I forgive myself that I have accepted and allowed myself to load back this memory when seeing my sister as a way that then limits myself as ‘how I see here’ which is in essence not supportive for myself or her as it only exists as separation, further one. I have talked so many times about what we do and process that any fuckup we can simply realize comes from a deliberate point of not wanting to apply ourselves to stop the cycles of enslavement through ideas of that bother ourselves from others when in fact it can only reveal ourselves –
So I walk through that point and stopping thoughts that exist as judgments whenever I’m around me –a part of me refuses to see her as that point that I am trying to deny to myself it exists and thus learn how the actual game works to support ourselves within the emergence of points having to be faced – that’s what we are here for, that’s what we’ll face in all ways and best is to keep ourselves with records of what goes on in a day to then be able to keep track of ‘where we are’ so to speak.

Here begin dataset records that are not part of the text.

(* Let $\lambda_{\max}=1$ and let $F:[0,1]\to\mathbb{R}_+$ be continuously differentiable with $F(0)=0$, such that $F(x)<F^\star$ for all $x\in[0,1)$ and $F'(1)>0$. Then there exists $k\in(0,F'(1)]$ such that $F(x)\le k(x-1)+F(1)$ for all $x\in[0,1]$.
   Context: $F^\star=\sup\{\mathbb{E}_\alpha[F(X)]:\alpha$ a probability measure on $[0,\lambda_{\max}]$, $X\sim\alpha$, $\mathbb{E}_\alpha[X]\le1\}$. *)

theory Defs
  imports "HOL-Probability.Probability"
begin

definition Fstar :: "real \<Rightarrow> (real \<Rightarrow> real) \<Rightarrow> real" where
  "Fstar lmax F = Sup {(\<integral>x. F x \<partial>M) | M.
      prob_space M \<and> sets M = sets (restrict_space borel {0..lmax}) \<and>
      (\<integral>x. x \<partial>M) \<le> 1}"

end

theory Submission
  imports Defs
begin

text \<open>The admissible measures live on \<open>[0, 1]\<close>, so \<open>F\<^sup>\<star>\<close> is at most the maximum of \<open>F\<close>
  there; the hypothesis \<open>F < F\<^sup>\<star>\<close> on \<open>[0, 1)\<close> therefore forces \<open>F\<close> to attain a strict
  maximum at \<open>1\<close>. Near \<open>1\<close> the graph lies below the line through \<open>(1, F 1)\<close> of slope
  \<open>F' 1 / 2\<close>; away from \<open>1\<close> it stays a positive distance below \<open>F 1\<close>, so a line of even
  smaller positive slope supports the whole graph.\<close>

lemma Fstar_le:
  fixes F :: "real \<Rightarrow> real"
  assumes "0 \<le> lmax" "0 \<le> B" and bound: "\<forall>x\<in>{0..lmax}. F x \<le> B"
  shows "Fstar lmax F \<le> B"
proof -
  let ?S = "{(\<integral>x. F x \<partial>M) | M. prob_space M \<and> sets M = sets (restrict_space borel {0..lmax}) \<and>
      (\<integral>x. x \<partial>M) \<le> 1}"
  define N where "N = return (restrict_space borel {0..lmax}) 0"
  have "prob_space N"
    unfolding N_def using \<open>0 \<le> lmax\<close> by (intro prob_space_return) auto
  moreover have "(\<integral>x. x \<partial>N) = 0"
    unfolding N_def using \<open>0 \<le> lmax\<close>
    by (subst integral_return) (auto intro: measurable_restrict_space1)
  ultimately have "(\<integral>x. F x \<partial>N) \<in> ?S"
    unfolding N_def by auto
  then have "?S \<noteq> {}"
    by blast
  moreover have "s \<le> B" if s_in: "s \<in> ?S" for s
  proof -
    obtain M where s: "s = (\<integral>x. F x \<partial>M)" and "prob_space M"
      and sets_M: "sets M = sets (restrict_space borel {0..lmax})"
      using s_in by blast
    interpret prob_space M by fact
    have space_M: "space M = {0..lmax}"
      using sets_eq_imp_space_eq[OF sets_M] by simp
    show ?thesis
    proof (cases "integrable M F")
      case True
      then have "(\<integral>x. F x \<partial>M) \<le> (\<integral>x. B \<partial>M)"
        by (rule integral_mono) (use bound space_M in auto)
      then show ?thesis
        using s by (simp add: prob_space)
    next
      case False
      \<comment> \<open>the Bochner integral is \<open>0\<close> here, which is why \<open>0 \<le> B\<close> is assumed\<close>
      then show ?thesis
        using s \<open>0 \<le> B\<close> by (simp add: not_integrable_integral_eq)
    qed
  qed
  ultimately show ?thesis
    unfolding Fstar_def by (rule cSup_least)
qed

lemma below_Fstar_imp_strict_max_at_1:
  fixes F :: "real \<Rightarrow> real"
  assumes contF: "continuous_on {0..1} F"
    and nonneg: "\<forall>x\<in>{0..1}. F x \<ge> 0"
    and below: "\<forall>x\<in>{0..<1}. F x < Fstar 1 F"
  shows "\<forall>x\<in>{0..<1}. F x < F 1"
proof -
  obtain x0 where x0: "x0 \<in> {0..1}" and max: "\<forall>y\<in>{0..1}. F y \<le> F x0"
    using continuous_attains_sup[OF compact_Icc _ contF] by force
  have Fstar_le_max: "Fstar 1 F \<le> F x0"
    using nonneg x0 max by (intro Fstar_le) auto
  have "x0 = 1"
  proof (rule ccontr)
    assume "x0 \<noteq> 1"
    then have "F x0 < Fstar 1 F"
      using below x0 by auto
    then show False
      using Fstar_le_max by simp
  qed
  then show ?thesis
    using below Fstar_le_max by fastforce
qed

lemma continuous_on_compact_uniformly_below:
  fixes f :: "'a::topological_space \<Rightarrow> real"
  assumes "compact K" "continuous_on K f" "\<forall>x\<in>K. f x < M"
  shows "\<exists>c>0. \<forall>x\<in>K. f x \<le> M - c"
proof (cases "K = {}")
  case False
  then obtain x0 where "x0 \<in> K" "\<forall>x\<in>K. f x \<le> f x0"
    using continuous_attains_sup assms(1,2) by blast
  then show ?thesis
    using assms(3) by (intro exI[of _ "M - f x0"]) auto
qed (auto intro: exI[of _ 1])

lemma has_real_derivative_imp_below_line_left:
  fixes f :: "real \<Rightarrow> real"
  assumes "(f has_real_derivative D) (at b within S)" "E < D"
  shows "\<exists>d>0. \<forall>y\<in>S. b - d < y \<and> y < b \<longrightarrow> f y \<le> f b + E * (y - b)"
proof -
  have "((\<lambda>y. (f y - f b) / (y - b)) \<longlongrightarrow> D) (at b within S)"
    using assms(1) by (simp add: has_field_derivative_iff)
  then have "\<forall>\<^sub>F y in at b within S. (f y - f b) / (y - b) > E"
    using assms(2) by (rule order_tendstoD)
  then obtain d where "d > 0"
    and quotient: "\<forall>y\<in>S. y \<noteq> b \<and> dist y b < d \<longrightarrow> (f y - f b) / (y - b) > E"
    unfolding eventually_at by blast
  have "f y \<le> f b + E * (y - b)" if "y \<in> S" "b - d < y" "y < b" for y
  proof -
    have "(f y - f b) / (y - b) > E"
      using quotient that by (auto simp: dist_real_def)
    then show ?thesis
      using \<open>y < b\<close> by (simp add: neg_less_divide_eq)
  qed
  then show ?thesis
    using \<open>d > 0\<close> by blast
qed

text \<open>The slope \<open>k\<close> is the smaller of \<open>D / 2\<close>, which works near \<open>b\<close>, and
  \<open>c / (b - a)\<close>, where \<open>c\<close> is the gap between \<open>f b\<close> and \<open>f\<close> away from \<open>b\<close>.\<close>

lemma supporting_line_at_strict_right_max:
  fixes f :: "real \<Rightarrow> real"
  assumes "a < b"
    and cont: "continuous_on {a..b} f"
    and strict_max: "\<forall>x\<in>{a..<b}. f x < f b"
    and deriv: "(f has_real_derivative D) (at b within {a..b})"
    and "D > 0"
  shows "\<exists>k. 0 < k \<and> k \<le> D \<and> (\<forall>x\<in>{a..b}. f x \<le> k * (x - b) + f b)"
proof -
  obtain d where "d > 0"
    and near: "\<forall>y\<in>{a..b}. b - d < y \<and> y < b \<longrightarrow> f y \<le> f b + D / 2 * (y - b)"
    using has_real_derivative_imp_below_line_left[OF deriv, of "D / 2"] \<open>D > 0\<close> by auto
  define a' where "a' = max a (b - d / 2)"
  have "a' < b"
    using \<open>a < b\<close> \<open>d > 0\<close> unfolding a'_def by auto
  have "continuous_on {a..a'} f" "\<forall>x\<in>{a..a'}. f x < f b"
    using cont strict_max \<open>a' < b\<close> by (auto elim: continuous_on_subset)
  then obtain c where "c > 0" and far: "\<forall>x\<in>{a..a'}. f x \<le> f b - c"
    using continuous_on_compact_uniformly_below[OF compact_Icc] by blast
  define k where "k = min (c / (b - a)) (D / 2)"
  have "k \<le> D / 2"
    unfolding k_def by (rule min.cobounded2)
  have "0 < k" "k \<le> D"
    using \<open>c > 0\<close> \<open>a < b\<close> \<open>D > 0\<close> \<open>k \<le> D / 2\<close> unfolding k_def by auto
  moreover have "f x \<le> k * (x - b) + f b" if x: "x \<in> {a..b}" for x
  proof (cases "x \<le> a'")
    case True
    have "k * (b - x) \<le> c / (b - a) * (b - a)"
      using x \<open>0 < k\<close> unfolding k_def by (intro mult_mono) auto
    also have "\<dots> = c"
      using \<open>a < b\<close> by simp
    finally have "k * (x - b) \<ge> - c"
      by (simp add: algebra_simps)
    moreover have "f x \<le> f b - c"
      using far x True by auto
    ultimately show ?thesis
      by linarith
  next
    case False
    show ?thesis
    proof (cases "x = b")
      case False
      then have "f x \<le> f b + D / 2 * (x - b)"
        using near x \<open>\<not> x \<le> a'\<close> unfolding a'_def by auto
      moreover have "D / 2 * (x - b) \<le> k * (x - b)"
        using x False \<open>k \<le> D / 2\<close> by (intro mult_right_mono_neg) auto
      ultimately show ?thesis
        by linarith
    qed simp
  qed
  ultimately show ?thesis
    by blast
qed

theorem lemmaA1:
  fixes F F' :: "real \<Rightarrow> real"
  assumes deriv: "\<forall>x\<in>{0..1}. (F has_real_derivative F' x) (at x within {0..1})"
    and cont_deriv: "continuous_on {0..1} F'"
    and nonneg: "\<forall>x\<in>{0..1}. F x \<ge> 0"
    and F0: "F 0 = 0"
    and below: "\<forall>x\<in>{0..<1}. F x < Fstar 1 F"
    and pos: "F' 1 > 0"
  shows "\<exists>k. 0 < k \<and> k \<le> F' 1 \<and> (\<forall>x\<in>{0..1}. F x \<le> k * (x - 1) + F 1)"
proof -
  have contF: "continuous_on {0..1} F"
    using deriv by (intro DERIV_continuous_on) auto
  have "\<forall>x\<in>{0..<1}. F x < F 1"
    using below_Fstar_imp_strict_max_at_1[OF contF nonneg below] .
  then show ?thesis
    using supporting_line_at_strict_right_max[OF _ contF] deriv pos by simp
qed

end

I picked up 2 trees/plants that were lying on the ground and considered how many human beings had seen the tree fallen and the same with another plant and figured out that people don’t give a fuck to see a tree lying on the floor with its roots trying to keep a hold on the ground – no – the moment that such beings are disregarded as equals, they see it as ‘unnecessary ‘ – Seeing ourselves as everything else can only reflect back to ourselves what we do, what we don’t do –
so, I am here to stop the judgments that I realize appear in the form of memories towards people and thus
I forgive myself that I’ve accepted and allowed myself to perpetuate the seclusion of everyone I’ve ever been related to in keeping them in their mind bubble and thus supporting their ego instead of supporting life and within this I assist and support myself to walk through these points wherein I realize I cannot be the ‘final judge’ towards anything or anyone – I can only assess what I’ve done, what I haven’t don – simple as that.